Below is a listing. Quote from it, exactly, the lines from the one containing "unfolding laguerre_coeff_def s_def b_def below by simp" down to the one containing "1 = real (k", both ends included, and nothing else.

RECORDS PROVIDED below:

lemma laguerre_coeff_recurrence:
  "2 * real i * laguerre_coeff a k i - (if 1 \<le> i then laguerre_coeff a k (i - 1) else 0)
     = (real k + 1) * laguerre_coeff a (k + 1) i - (1 + a) * laguerre_coeff a k i
       - (if 1 \<le> k then (real k + a) * laguerre_coeff a (k - 1) i else 0)"
proof -
  consider (below) d where "k = i + d" | (top) "i = k + 1" | (above) "k + 1 < i"
    by (metis le_Suc_ex not_less_eq_eq linorder_neqE_nat Suc_eq_plus1 Suc_leI)
  then show ?thesis
  proof cases
    case below
    define b where "b = real k + a"
    define s :: real where "s = (-1)^i / fact i"
    have c0: "laguerre_coeff a k i = s * (b gchoose d)"
      unfolding laguerre_coeff_def s_def b_def below by simp
    have c1: "laguerre_coeff a (k + 1) i = s * ((b + 1) gchoose Suc d)"
      unfolding laguerre_coeff_def s_def b_def below by (simp add: Suc_diff_le algebra_simps)
    have c2: "(if 1 \<le> i then laguerre_coeff a k (i - 1) else 0) = - real i * s * (b gchoose Suc d)"
    proof (cases i)
      case (Suc i')
      have "laguerre_coeff a k i' = (-1)^i' * (b gchoose Suc d) / fact i'"
        unfolding laguerre_coeff_def b_def below Suc by simp
      moreover have "fact i = real i * (fact i' :: real)"
        using Suc by simp
      ultimately show ?thesis
        unfolding s_def using Suc by (simp del: fact_Suc of_nat_Suc add: field_simps)
    qed simp
    have c3: "(if 1 \<le> k then (real k + a) * laguerre_coeff a (k - 1) i else 0)
                = real d * s * (b gchoose d)"
    proof (cases d)
      case (Suc d')
      have "real d * (b gchoose d) = b * ((b - 1) gchoose d')"
        using gbinomial_absorption[of d' b] Suc by simp
      moreover have "b - 1 = real (k - 1) + a"
        using below Suc by (simp add: b_def)
      ultimately show ?thesis
        unfolding laguerre_coeff_def s_def using below Suc by (simp add: b_def add.assoc)
    qed (use below in \<open>auto simp: laguerre_coeff_def\<close>)
    have "2 * real i * (b gchoose d) + real i * (b gchoose Suc d)
            = (real k + 1) * ((b + 1) gchoose Suc d) - (1 + a) * (b gchoose d) - real d * (b gchoose d)"
      using gbinomial_laguerre_step[of "real i" b d] below by (simp add: b_def algebra_simps)
    from arg_cong[where f="(*) s", OF this] show ?thesis
      unfolding c0 c1 c2 c3 by (simp add: algebra_simps)
  next
    case top
    have "(real k + 1) * ((-1)^(k + 1) / fact (k + 1)) = - ((-1::real)^k / fact k)"
      by (simp del: of_nat_Suc add: divide_simps)
    then show ?thesis
      using top by (auto simp: laguerre_coeff_def)
  next
    case above
    then show ?thesis by (auto simp: laguerre_coeff_def)
  qed
qed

End of RECORDS PROVIDED.

→ TASK OUTPUT
      unfolding laguerre_coeff_def s_def b_def below by simp
    have c1: "laguerre_coeff a (k + 1) i = s * ((b + 1) gchoose Suc d)"
      unfolding laguerre_coeff_def s_def b_def below by (simp add: Suc_diff_le algebra_simps)
    have c2: "(if 1 \<le> i then laguerre_coeff a k (i - 1) else 0) = - real i * s * (b gchoose Suc d)"
    proof (cases i)
      case (Suc i')
      have "laguerre_coeff a k i' = (-1)^i' * (b gchoose Suc d) / fact i'"
        unfolding laguerre_coeff_def b_def below Suc by simp
      moreover have "fact i = real i * (fact i' :: real)"
        using Suc by simp
      ultimately show ?thesis
        unfolding s_def using Suc by (simp del: fact_Suc of_nat_Suc add: field_simps)
    qed simp
    have c3: "(if 1 \<le> k then (real k + a) * laguerre_coeff a (k - 1) i else 0)
                = real d * s * (b gchoose d)"
    proof (cases d)
      case (Suc d')
      have "real d * (b gchoose d) = b * ((b - 1) gchoose d')"
        using gbinomial_absorption[of d' b] Suc by simp
      moreover have "b - 1 = real (k - 1) + a"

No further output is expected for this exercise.